Kriteria pangan asal hewan yang berkualitas baik adalah aman, sehat, utuh, dan halal (ASUH) yang berarti bahan tersebut harus bebas dari kontaminasi bahan berbahaya dan mempunyai nilai gizi yang cukup tinggi, serta memberikan keamanan bagi konsumen. Aman berarti tidak mengandung penyakit dan residu, serta unsur lain yang dapat menyebabkan penyakit dan mengganggu kesehatan manusia. Sehat berarti mengandung zat-zat yang berguna dan seimbang bagi kesehatan dan pertumbuhan tubuh.
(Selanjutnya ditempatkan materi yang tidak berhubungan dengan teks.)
(* Let $V$ be a nonzero finite-dimensional symplectic vector space over $\mathbf{C}$ and $n\ge2$. The space of polydifferential operators $\psi:\mathcal{O}(V)^{\otimes(n-1)}\to\mathcal{O}(V)$ which are symmetric (invariant under permuting the $n-1$ tensor factors) and invariant under Hamiltonian flow (i.e. $\xi_h(\psi(f_1\otimes\cdots\otimes f_{n-1}))=\sum_{j}\psi(f_1\otimes\cdots\otimes\xi_h(f_j)\otimes\cdots\otimes f_{n-1})$ for all $h,f_j\in\mathcal{O}(V)$) is one-dimensional, spanned by the multiplication map $f_1\otimes\cdots\otimes f_{n-1}\mapsto f_1\cdots f_{n-1}$. The same holds with $\mathcal{O}(V)$ replaced by its completion $\widehat{\mathcal{O}(V)}$ at the augmentation ideal.
   Context: $\xi_h=\{h,-\}$ is the Hamiltonian vector field for the Poisson bracket induced by the symplectic form. A polydifferential operator is a finite sum of maps $f_1\otimes\cdots\otimes f_{n-1}\mapsto D_1(f_1)\cdots D_{n-1}(f_{n-1})$ with $D_j$ differential operators with polynomial (resp. formal power series) coefficients. *)

theory Defs
  imports Complex_Main "HOL-Library.Function_Algebras"
begin

text \<open>Coordinates: a basis of V indexed by the finite type 'v.  Monomials are
  exponent vectors 'v => nat; a formal power series (element of the completion of O(V))
  is an arbitrary coefficient function; a polynomial (element of O(V)) is one with
  finite support.  Addition is pointwise (Function_Algebras); the ring product is
  the Cauchy product cmul (NOT the pointwise times of Function_Algebras).\<close>

type_synonym 'v ser = "('v \<Rightarrow> nat) \<Rightarrow> complex"

definition is_poly :: "'v ser \<Rightarrow> bool" where
  "is_poly f \<longleftrightarrow> finite {\<alpha>. f \<alpha> \<noteq> 0}"

definition cmul :: "('v::finite) ser \<Rightarrow> 'v ser \<Rightarrow> 'v ser" where
  "cmul f g = (\<lambda>\<alpha>. \<Sum>\<beta>\<in>{\<beta>. \<beta> \<le> \<alpha>}. f \<beta> * g (\<lambda>v. \<alpha> v - \<beta> v))"

definition sone :: "'v ser" where
  "sone = (\<lambda>\<alpha>. if \<alpha> = (\<lambda>_. 0) then 1 else 0)"

definition cscale :: "complex \<Rightarrow> 'v ser \<Rightarrow> 'v ser" where
  "cscale c f = (\<lambda>\<alpha>. c * f \<alpha>)"

fun mprod :: "nat \<Rightarrow> (nat \<Rightarrow> ('v::finite) ser) \<Rightarrow> 'v ser" where
  "mprod 0 F = sone"
| "mprod (Suc k) F = cmul (mprod k F) (F k)"

definition pdiff :: "'v \<Rightarrow> 'v ser \<Rightarrow> 'v ser" where
  "pdiff a f = (\<lambda>\<alpha>. of_nat (\<alpha> a + 1) * f (\<alpha>(a := \<alpha> a + 1)))"

definition pdiffs :: "('v::finite \<Rightarrow> nat) \<Rightarrow> 'v ser \<Rightarrow> 'v ser" where
  "pdiffs \<gamma> f = (\<lambda>\<alpha>. (\<Prod>a\<in>UNIV. of_nat (fact (\<alpha> a + \<gamma> a)) / of_nat (fact (\<alpha> a)))
                      * f (\<lambda>v. \<alpha> v + \<gamma> v))"

definition diffop :: "('v::finite) ser set \<Rightarrow> ('v ser \<Rightarrow> 'v ser) \<Rightarrow> bool" where
  "diffop R D \<longleftrightarrow> (\<exists>S c. finite S \<and> (\<forall>\<gamma>\<in>S. c \<gamma> \<in> R) \<and>
       (\<forall>f. D f = (\<Sum>\<gamma>\<in>S. cmul (c \<gamma>) (pdiffs \<gamma> f))))"

definition polydiff :: "('v::finite) ser set \<Rightarrow> nat \<Rightarrow> ((nat \<Rightarrow> 'v ser) \<Rightarrow> 'v ser) \<Rightarrow> bool" where
  "polydiff R k \<psi> \<longleftrightarrow> (\<exists>(N::nat) Ds. (\<forall>i j. diffop R (Ds i j)) \<and>
       (\<forall>fs. (\<forall>j<k. fs j \<in> R) \<longrightarrow> \<psi> fs = (\<Sum>i<N. mprod k (\<lambda>j. Ds i j (fs j)))))"

text \<open>Hamiltonian vector field xi_h = {h,-}, with Poisson bracket
  {f,g} = sum_{a,b} \<pi> a b (d_a f)(d_b g), \<pi> the Poisson bivector (inverse of \<omega>).\<close>
definition ham :: "('v::finite \<Rightarrow> 'v \<Rightarrow> complex) \<Rightarrow> 'v ser \<Rightarrow> 'v ser \<Rightarrow> 'v ser" where
  "ham \<pi> h f = (\<Sum>a\<in>UNIV. \<Sum>b\<in>UNIV. cscale (\<pi> a b) (cmul (pdiff a h) (pdiff b f)))"

definition symmetric_op :: "'v ser set \<Rightarrow> nat \<Rightarrow> ((nat \<Rightarrow> 'v ser) \<Rightarrow> 'v ser) \<Rightarrow> bool" where
  "symmetric_op R k \<psi> \<longleftrightarrow> (\<forall>\<sigma> fs. bij_betw \<sigma> {..<k} {..<k} \<longrightarrow> (\<forall>j<k. fs j \<in> R) \<longrightarrow>
       \<psi> (fs \<circ> \<sigma>) = \<psi> fs)"

definition ham_invariant :: "('v::finite \<Rightarrow> 'v \<Rightarrow> complex) \<Rightarrow> 'v ser set \<Rightarrow> nat \<Rightarrow>
    ((nat \<Rightarrow> 'v ser) \<Rightarrow> 'v ser) \<Rightarrow> bool" where
  "ham_invariant \<pi> R k \<psi> \<longleftrightarrow> (\<forall>h fs. h \<in> R \<longrightarrow> (\<forall>j<k. fs j \<in> R) \<longrightarrow>
       ham \<pi> h (\<psi> fs) = (\<Sum>j<k. \<psi> (fs(j := ham \<pi> h (fs j)))))"

end

theory Submission
  imports Defs "HOL-Library.FuncSet" "HOL-Combinatorics.Transposition"
begin

text \<open>
  Write \<open>\<psi>\<^sub>0(f\<^sub>1,\<dots>,f\<^sub>k)\<close> for the constant term of \<open>\<psi>(f\<^sub>1,\<dots>,f\<^sub>k)\<close>.
  Since \<open>\<partial>\<^sub>b = {\<omega>(b,-), -}\<close> is Hamiltonian, invariance makes \<open>\<psi>\<close> commute with every
  \<open>\<partial>\<^sub>b\<close> in the Leibniz sense, so by induction on the degree all coefficients of
  \<open>\<psi>(f\<^sub>1,\<dots>,f\<^sub>k)\<close> are determined by \<open>\<psi>\<^sub>0\<close>, just as for the product \<open>f\<^sub>1\<cdots>f\<^sub>k\<close>.
  It remains to show \<open>\<psi>\<^sub>0(f\<^sub>1,\<dots>,f\<^sub>k) = c f\<^sub>1(0)\<cdots>f\<^sub>k(0)\<close>. Splitting each \<open>f\<^sub>j\<close> into
  \<open>f\<^sub>j(0)\<close> and \<open>f\<^sub>j - f\<^sub>j(0)\<close>, multilinearity reduces this to: \<open>\<psi>\<^sub>0\<close> vanishes when all
  arguments are \<open>1\<close> or vanish at \<open>0\<close> and some argument \<open>g\<close> vanishes at \<open>0\<close>.
  For this choose a linear \<open>z\<close> and an \<open>H\<close> without linear part with \<open>{H, z} = g\<close>, and
  put \<open>z\<close> in place of \<open>g\<close>. As \<open>H\<close> has no linear part, \<open>{H, F}(0) = 0\<close> for every \<open>F\<close>,
  so invariance gives \<open>0 = \<Sum>\<^sub>j \<psi>\<^sub>0(\<dots>, {H, f\<^sub>j}, \<dots>)\<close>. By symmetry every summand at a copy
  of \<open>z\<close> equals \<open>\<psi>\<^sub>0(f\<^sub>1,\<dots>,f\<^sub>k)\<close>, the summands at \<open>1\<close> vanish, and the others have
  fewer arguments different from \<open>z\<close>, so they vanish by induction. Hence
  \<open>\<psi>\<^sub>0(f\<^sub>1,\<dots>,f\<^sub>k)\<close> times the positive number of copies of \<open>z\<close> is \<open>0\<close>.
\<close>

section \<open>The ring of formal power series\<close>

lemma sum_apply: "(\<Sum>a\<in>A. F a) x = (\<Sum>a\<in>A. F a x)"
  by (induction A rule: infinite_finite_induct) auto

lemma finite_pointwise_le: "finite {\<beta>::'v::finite \<Rightarrow> nat. \<beta> \<le> \<alpha>}"
proof -
  have "{\<beta>::'v \<Rightarrow> nat. \<beta> \<le> \<alpha>} = PiE UNIV (\<lambda>v. {..\<alpha> v})"
    by (auto simp: le_fun_def PiE_def Pi_def extensional_def)
  thus ?thesis by (simp add: finite_PiE)
qed

definition antidiag :: "('v \<Rightarrow> nat) \<Rightarrow> (('v \<Rightarrow> nat) \<times> ('v \<Rightarrow> nat)) set" where
  "antidiag \<alpha> = {p. fst p + snd p = \<alpha>}"

lemma finite_antidiag: "finite (antidiag (\<alpha>::'v::finite \<Rightarrow> nat))"
proof -
  have "antidiag \<alpha> \<subseteq> {\<beta>. \<beta> \<le> \<alpha>} \<times> {\<beta>. \<beta> \<le> \<alpha>}"
    by (auto simp: antidiag_def le_fun_def)
  thus ?thesis by (rule finite_subset) (simp add: finite_pointwise_le)
qed

lemma cmul_antidiag: "cmul f g \<alpha> = (\<Sum>p\<in>antidiag \<alpha>. f (fst p) * g (snd p))"
  unfolding cmul_def
  by (rule sum.reindex_bij_witness[where i = fst and j = "\<lambda>\<beta>. (\<beta>, \<lambda>v. \<alpha> v - \<beta> v)"])
     (auto simp: antidiag_def le_fun_def fun_eq_iff, metis add_diff_cancel_left', metis le_add1)

lemma cmul_comm: "cmul f g = cmul g f"
proof
  fix \<alpha>
  show "cmul f g \<alpha> = cmul g f \<alpha>"
    unfolding cmul_antidiag
    by (rule sum.reindex_bij_witness[where i = prod.swap and j = prod.swap])
       (auto simp: antidiag_def add.commute)
qed

lemma cmul_sone: "cmul sone f = f"
proof
  fix \<alpha>
  have "cmul sone f \<alpha> = (\<Sum>p\<in>antidiag \<alpha>. if p = (0, \<alpha>) then f \<alpha> else 0)"
    unfolding cmul_antidiag by (rule sum.cong) (auto simp: sone_def antidiag_def zero_fun_def)
  also have "\<dots> = f \<alpha>"
    using finite_antidiag[of \<alpha>] by (simp add: antidiag_def)
  finally show "cmul sone f \<alpha> = f \<alpha>" .
qed

lemma cmul_assoc: "cmul (cmul f g) h = cmul f (cmul g h)"
proof
  fix \<alpha> :: "'a::finite \<Rightarrow> nat"
  define T where "T = {t :: ('a \<Rightarrow> nat) \<times> ('a \<Rightarrow> nat) \<times> ('a \<Rightarrow> nat).
                       fst t + fst (snd t) + snd (snd t) = \<alpha>}"
  have "cmul (cmul f g) h \<alpha>
      = (\<Sum>pq\<in>Sigma (antidiag \<alpha>) (\<lambda>p. antidiag (fst p)).
           f (fst (snd pq)) * g (snd (snd pq)) * h (snd (fst pq)))"
    unfolding cmul_antidiag sum_distrib_right
    by (subst sum.Sigma) (auto simp: finite_antidiag split_def)
  also have "\<dots> = (\<Sum>t\<in>T. f (fst t) * g (fst (snd t)) * h (snd (snd t)))"
    by (rule sum.reindex_bij_witness
          [where i = "\<lambda>t. ((fst t + fst (snd t), snd (snd t)), (fst t, fst (snd t)))"
             and j = "\<lambda>pq. (fst (snd pq), snd (snd pq), snd (fst pq))"])
       (auto simp: T_def antidiag_def)
  also have "\<dots> = (\<Sum>pq\<in>Sigma (antidiag \<alpha>) (\<lambda>p. antidiag (snd p)).
                    f (fst (fst pq)) * g (fst (snd pq)) * h (snd (snd pq)))"
    by (rule sum.reindex_bij_witness
          [where i = "\<lambda>pq. (fst (fst pq), fst (snd pq), snd (snd pq))"
             and j = "\<lambda>t. ((fst t, fst (snd t) + snd (snd t)), (fst (snd t), snd (snd t)))"])
       (auto simp: T_def antidiag_def add.assoc)
  also have "\<dots> = cmul f (cmul g h) \<alpha>"
    unfolding cmul_antidiag sum_distrib_left
    by (subst sum.Sigma) (auto simp: finite_antidiag split_def mult.assoc)
  finally show "cmul (cmul f g) h \<alpha> = cmul f (cmul g h) \<alpha>" .
qed

interpretation cprod: comm_monoid_set "cmul :: ('v::finite) ser \<Rightarrow> _ \<Rightarrow> _" sone
  by unfold_locales (rule cmul_assoc, rule cmul_comm, simp add: cmul_comm[of _ sone] cmul_sone)

lemma cmul_zero_right [simp]: "cmul f 0 = 0"
  by (simp add: cmul_def fun_eq_iff)

lemma cmul_add_left: "cmul (f + g) h = cmul f h + cmul g h"
  by (auto simp: cmul_def fun_eq_iff distrib_right sum.distrib)

lemma cmul_add_right: "cmul h (f + g) = cmul h f + cmul h g"
  by (auto simp: cmul_def fun_eq_iff distrib_left sum.distrib)

lemma cmul_sum_left: "cmul (\<Sum>i\<in>I. G i) h = (\<Sum>i\<in>I. cmul (G i) h)"
  unfolding fun_eq_iff cmul_def sum_apply sum_distrib_right by (intro allI sum.swap)

lemma cmul_sum_right: "cmul h (\<Sum>i\<in>I. G i) = (\<Sum>i\<in>I. cmul h (G i))"
  unfolding fun_eq_iff cmul_def sum_apply sum_distrib_left by (intro allI sum.swap)

lemma cmul_cscale_left: "cmul (cscale c f) g = cscale c (cmul f g)"
  by (auto simp: cmul_def cscale_def fun_eq_iff sum_distrib_left mult.assoc)

lemma cmul_cscale_right: "cmul g (cscale c f) = cscale c (cmul g f)"
  by (auto simp: cmul_def cscale_def fun_eq_iff sum_distrib_left mult.left_commute)

lemma cmul_at_zero: "cmul f g 0 = f 0 * g 0"
proof -
  have "{\<beta>::'a \<Rightarrow> nat. \<beta> \<le> 0} = {0}" by (auto simp: le_fun_def fun_eq_iff)
  thus ?thesis by (simp add: cmul_def zero_fun_def)
qed

lemma cscale_add: "cscale c (f + g) = cscale c f + cscale c g"
  by (auto simp: cscale_def fun_eq_iff distrib_left)

lemma cscale_cscale: "cscale a (cscale b f) = cscale (a * b) f"
  by (simp add: cscale_def mult.assoc)

lemma cscale_zero [simp]: "cscale c 0 = 0"
  by (simp add: cscale_def fun_eq_iff)

lemma cscale_sum: "cscale c (\<Sum>i\<in>I. G i) = (\<Sum>i\<in>I. cscale c (G i))"
  unfolding fun_eq_iff cscale_def sum_apply sum_distrib_left by simp

lemma sone_at_zero [simp]: "sone 0 = 1"
  by (simp add: sone_def zero_fun_def)

lemma mprod_eq_cprod: "mprod k F = cprod.F F {..<k}"
  by (induction k) (auto simp: lessThan_Suc cprod.insert cmul_comm)

lemma mprod_cong: "(\<And>j. j < k \<Longrightarrow> F j = G j) \<Longrightarrow> mprod k F = mprod k G"
  unfolding mprod_eq_cprod by (rule cprod.cong) auto

lemma mprod_permute: "bij_betw \<sigma> {..<k} {..<k} \<Longrightarrow> mprod k (F \<circ> \<sigma>) = mprod k F"
  unfolding mprod_eq_cprod comp_def by (rule cprod.reindex_bij_betw)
Utuh berarti tidak dicampur dengan bagian lain dari hewan tersebut atau dipalsukan dengan bagian dari hewan lain. Halal berarti disembelih dan ditangani sesuai dengan syariat agama Islam serta tidak mengandung babi. Beberapa tahun yang lalu di Kota Yogyakarta telah terjadi kasus ditemukannya bakso sapi yang mengandung babi, hal ini menyebabkan keresahan warga masyarakat, dan setelah diselidiki ternyata kontaminasi babi terjadi pada saat penggilingan (Yulianingsih, 2013). Terlebih kita tahu bahwa sebagian besar mesin penggilingan daging ini belum memiliki sertifikasi halal. Penggilingan daging yang tidak memiliki sertifikasi halal menimbulkan berbagai dampak signifikan. Pertama, konsumen Muslim menjadi rentan mengonsumsi produk yang tidak memenuhi standar kehalalan, dapat mengakibatkan ketidakpercayaan terhadap produsen dan merugikan reputasi bisnis. Dampak lainnya adalah potensi masalah kesehatan karena bahan-bahan non-halal yang mungkin tercampur dalam proses penggilingan. Ketidakpastian mengenai aspek kebersihan dan kehalalan dapat meningkatkan risiko kontaminasi yang merugikan kesehatan konsumen (Pratiwi, 2024).
PEMBAHASAN
Bagi umat Muslim, mengkonsumsi makanan halal dan baik merupakan salah satu kewajiban yang telah diperintahkan oleh Allah SWT. Oleh karena itu bagi umat Muslim perlu memahami bahwa keharaman suatu bahan pangan dapat disebabkan karena bahan asalnya, sifatnya ataupun cara memperolehnya, termasuk dalam hal ini cara menggiling daging, yang nantinya akan menjadi pangan olahan seperti bakso dll (Arifin, 2011). Banyak yang tidak sadar mengenai penggilingan daging ini. Penggilingan daging di pasar ibarat penggilingan massal. Di mana beragam produk tercampur menjadi satu, karena penggilingan daging di pasar tidak hanya menggiling daging sapi saja, namun juga ayam, kambing hingga daging babi (Bambang, 2010). Nah, ini yang perlu kita waspadai. Banyak diantara kita tidak menyadari bahwa kemungkinan besar terjadinya kontaminasi babi pada bakso sapi yang dijual di warung-warung itu berasal dari alat penggilingan daging. Daging sapi atau daging ayam yang digiing, bisa bercampur dengan (sisa-sisa) daging babi yang sebelumnya sudah digiling di alat tersebut
Di bawah ini akan dijelaskan tahap-tahap aktivitas penggilingan daging sebagai berikut:
- Tahap Penerimaan Bahan Baku
Tahap awal dimulai dari pemilihan bahan baku yang berkualitas, pada proses penggilingan daging bakso, daging yang digunakan merupakan daging segar berupa daging ayam dan sapi yang diperoleh secara langsung dari konsumen.
- Tahap Pemotongan Daging
Sebelum proses penggilingan daging dipotong menjadi beberapa bagian untuk lebih mempermudah proses penggilingan dengan menggunakan pisau yang tajam.
- Tahap Pencucian Daging
Setelah proses pemotongan, daging lalu dibersihkan dari darah dan kotoran dengan proses pencucian menggunakan air bersih.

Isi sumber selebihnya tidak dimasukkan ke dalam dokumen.